Who does not know those first wakings in a strange place! Sometimes so pleasant, sometimes _so_ sad, but never, I think, without a strange interestingness of their own. This waking was pleasant, though so strange. The sun was shining for one thing--a great thing, I think I should call it, and the children felt it to be so.

They woke about the same time and called out to each other, and then Floss got out of bed and went to see how Carrots was looking, after all his adventures.

"You haven't caught cold I hope, Carrots," she said in a motherly tone.

"Oh no. I'm _quite_ well," replied Carrots, "I haven't even a cold in my nose. And isn't it a nice morning, Floss, and isn't this a _lovely_ room?"
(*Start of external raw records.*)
definition rmodule :: "('a, 'b) ring_scheme \<Rightarrow> ('m, 'a) rmod \<Rightarrow> bool" where
  "rmodule A M \<longleftrightarrow> ring A
     \<and> mzero M \<in> mcarrier M
     \<and> (\<forall>x\<in>mcarrier M. \<forall>y\<in>mcarrier M. madd M x y \<in> mcarrier M)
     \<and> (\<forall>x\<in>mcarrier M. \<forall>y\<in>mcarrier M. \<forall>z\<in>mcarrier M.
           madd M (madd M x y) z = madd M x (madd M y z))
     \<and> (\<forall>x\<in>mcarrier M. \<forall>y\<in>mcarrier M. madd M x y = madd M y x)
     \<and> (\<forall>x\<in>mcarrier M. madd M (mzero M) x = x)
     \<and> (\<forall>x\<in>mcarrier M. \<exists>y\<in>mcarrier M. madd M x y = mzero M)
     \<and> (\<forall>x\<in>mcarrier M. \<forall>a\<in>carrier A. mact M x a \<in> mcarrier M)
     \<and> (\<forall>x\<in>mcarrier M. \<forall>y\<in>mcarrier M. \<forall>a\<in>carrier A.
           mact M (madd M x y) a = madd M (mact M x a) (mact M y a))
     \<and> (\<forall>x\<in>mcarrier M. \<forall>a\<in>carrier A. \<forall>b\<in>carrier A.
           mact M x (a \<oplus>\<^bsub>A\<^esub> b) = madd M (mact M x a) (mact M x b))
     \<and> (\<forall>x\<in>mcarrier M. \<forall>a\<in>carrier A. \<forall>b\<in>carrier A.
           mact M x (a \<otimes>\<^bsub>A\<^esub> b) = mact M (mact M x a) b)
     \<and> (\<forall>x\<in>mcarrier M. mact M x \<one>\<^bsub>A\<^esub> = x)"

text \<open>Submodules (closure under the action by -1 gives closure under negation).\<close>

definition submod :: "('a, 'b) ring_scheme \<Rightarrow> ('m, 'a) rmod \<Rightarrow> 'm set \<Rightarrow> bool" where
  "submod A M N \<longleftrightarrow> N \<subseteq> mcarrier M \<and> mzero M \<in> N
     \<and> (\<forall>x\<in>N. \<forall>y\<in>N. madd M x y \<in> N)
     \<and> (\<forall>x\<in>N. \<forall>a\<in>carrier A. mact M x a \<in> N)"

definition restr :: "('m, 'a) rmod \<Rightarrow> 'm set \<Rightarrow> ('m, 'a) rmod" where
  "restr M N = M\<lparr>mcarrier := N\<rparr>"

definition fin_gen :: "('a, 'b) ring_scheme \<Rightarrow> ('m, 'a) rmod \<Rightarrow> bool" where
  "fin_gen A M \<longleftrightarrow> (\<exists>G. finite G \<and> G \<subseteq> mcarrier M
      \<and> (\<forall>N. submod A M N \<and> G \<subseteq> N \<longrightarrow> N = mcarrier M))"

definition modA :: "('a, 'b) ring_scheme \<Rightarrow> ('m, 'a) rmod \<Rightarrow> bool" where
  "modA A M \<longleftrightarrow> rmodule A M \<and> fin_gen A M"

definition simple_mod :: "('a, 'b) ring_scheme \<Rightarrow> ('m, 'a) rmod \<Rightarrow> bool" where
  "simple_mod A M \<longleftrightarrow> rmodule A M \<and> mcarrier M \<noteq> {mzero M}
     \<and> (\<forall>N. submod A M N \<longrightarrow> N = {mzero M} \<or> N = mcarrier M)"

definition mcoset :: "('m, 'a) rmod \<Rightarrow> 'm set \<Rightarrow> 'm \<Rightarrow> 'm set" where
  "mcoset M N x = {madd M x n | n. n \<in> N}"

definition quot :: "('m, 'a) rmod \<Rightarrow> 'm set \<Rightarrow> ('m set, 'a) rmod" where
  "quot M N = \<lparr> mcarrier = mcoset M N ` mcarrier M,
                madd = (\<lambda>X Y. {madd M x y | x y. x \<in> X \<and> y \<in> Y}),
                mzero = N,
                mact = (\<lambda>X a. \<Union>x\<in>X. mcoset M N (mact M x a)) \<rparr>"

definition rhom :: "('a, 'b) ring_scheme \<Rightarrow> ('m, 'a) rmod \<Rightarrow> ('n, 'a) rmod \<Rightarrow> ('m \<Rightarrow> 'n) \<Rightarrow> bool" where
  "rhom A M N f \<longleftrightarrow> (\<forall>x\<in>mcarrier M. f x \<in> mcarrier N)
     \<and> (\<forall>x\<in>mcarrier M. \<forall>y\<in>mcarrier M. f (madd M x y) = madd N (f x) (f y))
     \<and> (\<forall>x\<in>mcarrier M. \<forall>a\<in>carrier A. f (mact M x a) = mact N (f x) a)"

definition regmod :: "('a, 'b) ring_scheme \<Rightarrow> ('a, 'a) rmod" where
  "regmod A = \<lparr> mcarrier = carrier A, madd = (\<oplus>\<^bsub>A\<^esub>), mzero = \<zero>\<^bsub>A\<^esub>, mact = (\<otimes>\<^bsub>A\<^esub>) \<rparr>"

text \<open>M^* = Hom_A(M, A), with homomorphisms represented extensionally on the carrier.\<close>

definition dual :: "('a, 'b) ring_scheme \<Rightarrow> ('m, 'a) rmod \<Rightarrow> ('m \<Rightarrow> 'a) set" where
  "dual A M = {f. rhom A M (regmod A) f \<and> f \<in> extensional (mcarrier M)}"

definition dual_zero_elem :: "('a, 'b) ring_scheme \<Rightarrow> ('m, 'a) rmod \<Rightarrow> 'm \<Rightarrow> 'a" where
  "dual_zero_elem A M = (\<lambda>x\<in>mcarrier M. \<zero>\<^bsub>A\<^esub>)"

definition dual_is_zero :: "('a, 'b) ring_scheme \<Rightarrow> ('m, 'a) rmod \<Rightarrow> bool" where
  "dual_is_zero A M \<longleftrightarrow> dual A M = {dual_zero_elem A M}"

definition dual_map :: "('m, 'a) rmod \<Rightarrow> ('m \<Rightarrow> 'n) \<Rightarrow> ('n \<Rightarrow> 'a) \<Rightarrow> ('m \<Rightarrow> 'a)" where
  "dual_map M f = (\<lambda>\<phi>. \<lambda>x\<in>mcarrier M. \<phi> (f x))"

definition short_exact ::
  "('a, 'b) ring_scheme \<Rightarrow> ('x, 'a) rmod \<Rightarrow> ('y, 'a) rmod \<Rightarrow> ('z, 'a) rmod
     \<Rightarrow> ('x \<Rightarrow> 'y) \<Rightarrow> ('y \<Rightarrow> 'z) \<Rightarrow> bool" where
  "short_exact A X Y Z f g \<longleftrightarrow> rhom A X Y f \<and> rhom A Y Z g
     \<and> inj_on f (mcarrier X)
     \<and> g ` mcarrier Y = mcarrier Z
     \<and> f ` mcarrier X = {y \<in> mcarrier Y. g y = mzero Z}"

definition perfect_exact ::
  "('a, 'b) ring_scheme \<Rightarrow> ('x, 'a) rmod \<Rightarrow> ('y, 'a) rmod \<Rightarrow> ('z, 'a) rmod
     \<Rightarrow> ('x \<Rightarrow> 'y) \<Rightarrow> ('y \<Rightarrow> 'z) \<Rightarrow> bool" where
  "perfect_exact A X Y Z f g \<longleftrightarrow> short_exact A X Y Z f g
     \<and> inj_on (dual_map Y g) (dual A Z)
     \<and> dual_map Y g ` dual A Z = {\<psi> \<in> dual A Y. dual_map X f \<psi> = dual_zero_elem A X}
     \<and> dual_map X f ` dual A Y = dual A X"

definition comp_series :: "('a, 'b) ring_scheme \<Rightarrow> ('m, 'a) rmod \<Rightarrow> (nat \<Rightarrow> 'm set) \<Rightarrow> nat \<Rightarrow> bool" where
  "comp_series A Y c n \<longleftrightarrow> c 0 = {mzero Y} \<and> c n = mcarrier Y
     \<and> (\<forall>i\<le>n. submod A Y (c i))
     \<and> (\<forall>i<n. c i \<subseteq> c (Suc i) \<and> simple_mod A (quot (restr Y (c (Suc i))) (c i)))"

text \<open>The composition factors of Y are (up to isomorphism) the factors of a composition series.\<close>

definition comp_factor_dual_zero :: "('a, 'b) ring_scheme \<Rightarrow> ('m, 'a) rmod \<Rightarrow> bool" where
  "comp_factor_dual_zero A Y \<longleftrightarrow> (\<forall>c n i. comp_series A Y c n \<and> i < n
       \<longrightarrow> dual_is_zero A (quot (restr Y (c (Suc i))) (c i)))"

end

theory Submission
  imports Defs
begin

(*
  Since A is finite-dimensional over the central subfield k and Y is finitely generated, Y is
  finite-dimensional over k; a submodule strictly between two others lowers the k-codimension,
  so Y has a composition series 0 = Y_0 < ... < Y_n = Y.  By hypothesis each sequence
  0 -> Y_i -> Y_(i+1) -> S_i -> 0 with S_i = Y_(i+1)/Y_i is perfect exact, i.e. restriction
  Y_(i+1)^* -> Y_i^* is onto and S_i^* -> Y_(i+1)^* is injective with image its kernel.
  If Y^* = 0, descending induction gives Y_i^* = 0 for all i, and then S_i^* embeds into
  Y_(i+1)^* = 0.  Conversely, if all S_i^* = 0, ascending induction from Y_0^* = 0 gives
  Y_(i+1)^* = 0: a form vanishing on Y_i comes from S_i^* = 0.
*)

section \<open>Right modules, submodules and quotients\<close>

locale right_module =
  fixes A :: "('a, 'b) ring_scheme" and M :: "('m, 'a) rmod"
  assumes rmodule: "rmodule A M"
begin

abbreviation zero_M ("\<zero>\<^sub>M") where "\<zero>\<^sub>M \<equiv> mzero M"
abbreviation add_M (infixl "+\<^sub>M" 65) where "(+\<^sub>M) \<equiv> madd M"
abbreviation act_M (infixl "\<cdot>" 70) where "(\<cdot>) \<equiv> mact M"

lemma ring: "ring A"
  using rmodule unfolding rmodule_def by auto

lemma zero_closed [simp]: "\<zero>\<^sub>M \<in> mcarrier M"
  using rmodule unfolding rmodule_def by auto

lemma add_closed [simp]: "x \<in> mcarrier M \<Longrightarrow> y \<in> mcarrier M \<Longrightarrow> x +\<^sub>M y \<in> mcarrier M"
  using rmodule unfolding rmodule_def by auto

lemma add_assoc:
  "x \<in> mcarrier M \<Longrightarrow> y \<in> mcarrier M \<Longrightarrow> z \<in> mcarrier M \<Longrightarrow> x +\<^sub>M y +\<^sub>M z = x +\<^sub>M (y +\<^sub>M z)"
  using rmodule unfolding rmodule_def by auto

lemma add_commute: "x \<in> mcarrier M \<Longrightarrow> y \<in> mcarrier M \<Longrightarrow> x +\<^sub>M y = y +\<^sub>M x"
  using rmodule unfolding rmodule_def by auto

lemma add_zero_left [simp]: "x \<in> mcarrier M \<Longrightarrow> \<zero>\<^sub>M +\<^sub>M x = x"
  using rmodule unfolding rmodule_def by auto

lemma add_zero_right [simp]: "x \<in> mcarrier M \<Longrightarrow> x +\<^sub>M \<zero>\<^sub>M = x"
  using add_commute add_zero_left zero_closed by metis

lemma add_inverse_ex: "x \<in> mcarrier M \<Longrightarrow> \<exists>y\<in>mcarrier M. x +\<^sub>M y = \<zero>\<^sub>M"
  using rmodule unfolding rmodule_def by (simp only: Ball_def)

lemma act_closed [simp]: "x \<in> mcarrier M \<Longrightarrow> a \<in> carrier A \<Longrightarrow> x \<cdot> a \<in> mcarrier M"
  using rmodule unfolding rmodule_def by auto

lemma add_act_distrib:
  "x \<in> mcarrier M \<Longrightarrow> y \<in> mcarrier M \<Longrightarrow> a \<in> carrier A \<Longrightarrow> (x +\<^sub>M y) \<cdot> a = x \<cdot> a +\<^sub>M y \<cdot> a"
  using rmodule unfolding rmodule_def by auto

lemma act_add_distrib:
  "x \<in> mcarrier M \<Longrightarrow> a \<in> carrier A \<Longrightarrow> b \<in> carrier A \<Longrightarrow> x \<cdot> (a \<oplus>\<^bsub>A\<^esub> b) = x \<cdot> a +\<^sub>M x \<cdot> b"
  using rmodule unfolding rmodule_def by auto

lemma act_mult:
  "x \<in> mcarrier M \<Longrightarrow> a \<in> carrier A \<Longrightarrow> b \<in> carrier A \<Longrightarrow> x \<cdot> (a \<otimes>\<^bsub>A\<^esub> b) = x \<cdot> a \<cdot> b"
  using rmodule unfolding rmodule_def by auto

lemma act_one [simp]: "x \<in> mcarrier M \<Longrightarrow> x \<cdot> \<one>\<^bsub>A\<^esub> = x"
  using rmodule unfolding rmodule_def by auto

lemma add_left_cancel:
  assumes "x \<in> mcarrier M" "y \<in> mcarrier M" "z \<in> mcarrier M" "x +\<^sub>M y = x +\<^sub>M z"
  shows "y = z"
proof -
  obtain x' where x': "x' \<in> mcarrier M" "x +\<^sub>M x' = \<zero>\<^sub>M"
    using add_inverse_ex assms(1) by blast
  have "x' +\<^sub>M (x +\<^sub>M y) = x' +\<^sub>M (x +\<^sub>M z)"
    using assms by simp
  then show ?thesis
    using x' assms by (metis add_assoc add_commute add_zero_left)
qed

lemma act_zero [simp]: "x \<in> mcarrier M \<Longrightarrow> x \<cdot> \<zero>\<^bsub>A\<^esub> = \<zero>\<^sub>M"
proof -
  assume x: "x \<in> mcarrier M"
  interpret R: ring A by (rule ring)
  have "x \<cdot> \<zero>\<^bsub>A\<^esub> +\<^sub>M x \<cdot> \<zero>\<^bsub>A\<^esub> = x \<cdot> \<zero>\<^bsub>A\<^esub> +\<^sub>M \<zero>\<^sub>M"
    using act_add_distrib[OF x, of "\<zero>\<^bsub>A\<^esub>" "\<zero>\<^bsub>A\<^esub>"] x by simp
  then show ?thesis
    using add_left_cancel[of "x \<cdot> \<zero>\<^bsub>A\<^esub>"] x by simp
qed

lemma zero_act [simp]: "a \<in> carrier A \<Longrightarrow> \<zero>\<^sub>M \<cdot> a = \<zero>\<^sub>M"
proof -
  assume a: "a \<in> carrier A"
  have "\<zero>\<^sub>M \<cdot> a +\<^sub>M \<zero>\<^sub>M \<cdot> a = \<zero>\<^sub>M \<cdot> a +\<^sub>M \<zero>\<^sub>M"
    using add_act_distrib[of "\<zero>\<^sub>M" "\<zero>\<^sub>M" a] a by simp
  then show ?thesis
    using add_left_cancel[of "\<zero>\<^sub>M \<cdot> a"] a by simp
qed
"Yes," said Floss, "and so is mine, Carrots."

"And auntie _is_ kind, isn't she, Floss?"

"Oh, _very_," said Floss.

"Isn't it nice to see the sun?" said Carrots. "Floss, I can't understand how it can always be the same sun, however far we go."

"But don't you remember what I showed you," said Floss, "about the world being like a little ball, always going round and round a great light, so _of course_ the great light must always be the same?"

"Yes," said Carrots dreamily, "but still it seems funny. Will mamma see the sun at that nice warm place over the sea?"